Dataset entries
# # #

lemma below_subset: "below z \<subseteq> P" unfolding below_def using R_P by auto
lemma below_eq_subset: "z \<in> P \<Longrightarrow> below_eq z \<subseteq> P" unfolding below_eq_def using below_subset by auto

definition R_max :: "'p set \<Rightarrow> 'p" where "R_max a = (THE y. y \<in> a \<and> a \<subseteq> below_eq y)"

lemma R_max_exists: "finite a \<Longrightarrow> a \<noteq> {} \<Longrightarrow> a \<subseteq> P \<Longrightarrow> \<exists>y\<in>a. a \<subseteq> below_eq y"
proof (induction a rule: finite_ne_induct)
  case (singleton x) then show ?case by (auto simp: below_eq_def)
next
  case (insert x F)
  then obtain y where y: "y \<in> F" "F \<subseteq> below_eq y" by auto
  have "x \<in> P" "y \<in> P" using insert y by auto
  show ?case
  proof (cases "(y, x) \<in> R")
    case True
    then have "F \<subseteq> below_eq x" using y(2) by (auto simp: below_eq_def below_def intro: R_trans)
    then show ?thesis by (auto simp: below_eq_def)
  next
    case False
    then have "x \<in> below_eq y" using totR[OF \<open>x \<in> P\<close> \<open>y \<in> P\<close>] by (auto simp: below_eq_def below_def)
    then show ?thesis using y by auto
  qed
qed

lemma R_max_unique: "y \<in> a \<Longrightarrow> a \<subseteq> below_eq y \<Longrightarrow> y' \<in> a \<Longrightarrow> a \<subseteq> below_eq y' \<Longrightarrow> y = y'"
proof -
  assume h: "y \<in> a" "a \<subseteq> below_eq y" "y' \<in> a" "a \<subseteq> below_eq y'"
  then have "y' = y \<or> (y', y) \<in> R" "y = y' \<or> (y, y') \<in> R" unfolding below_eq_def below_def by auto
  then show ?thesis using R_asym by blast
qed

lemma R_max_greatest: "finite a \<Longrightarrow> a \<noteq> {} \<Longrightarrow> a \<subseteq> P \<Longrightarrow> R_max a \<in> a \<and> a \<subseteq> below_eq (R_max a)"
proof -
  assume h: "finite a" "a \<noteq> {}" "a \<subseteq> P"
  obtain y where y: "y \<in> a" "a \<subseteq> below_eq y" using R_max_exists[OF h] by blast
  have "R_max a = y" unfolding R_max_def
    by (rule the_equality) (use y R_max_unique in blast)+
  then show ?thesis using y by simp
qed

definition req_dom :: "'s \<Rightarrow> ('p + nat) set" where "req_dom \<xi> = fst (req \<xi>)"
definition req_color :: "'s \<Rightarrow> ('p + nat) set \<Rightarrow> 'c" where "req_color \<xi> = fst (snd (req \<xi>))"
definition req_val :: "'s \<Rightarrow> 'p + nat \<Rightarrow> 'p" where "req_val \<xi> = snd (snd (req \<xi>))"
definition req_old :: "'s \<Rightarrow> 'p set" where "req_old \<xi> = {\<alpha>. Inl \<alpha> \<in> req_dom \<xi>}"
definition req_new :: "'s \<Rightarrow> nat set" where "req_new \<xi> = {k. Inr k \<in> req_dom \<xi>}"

# # #

What you need to do
The lines from the start of the entries above through the line containing "below_subset by auto" are the ones to return, please; copy them exactly and include both ends.

Expected answer
lemma below_subset: "below z \<subseteq> P" unfolding below_def using R_P by auto
lemma below_eq_subset: "z \<in> P \<Longrightarrow> below_eq z \<subseteq> P" unfolding below_eq_def using below_subset by auto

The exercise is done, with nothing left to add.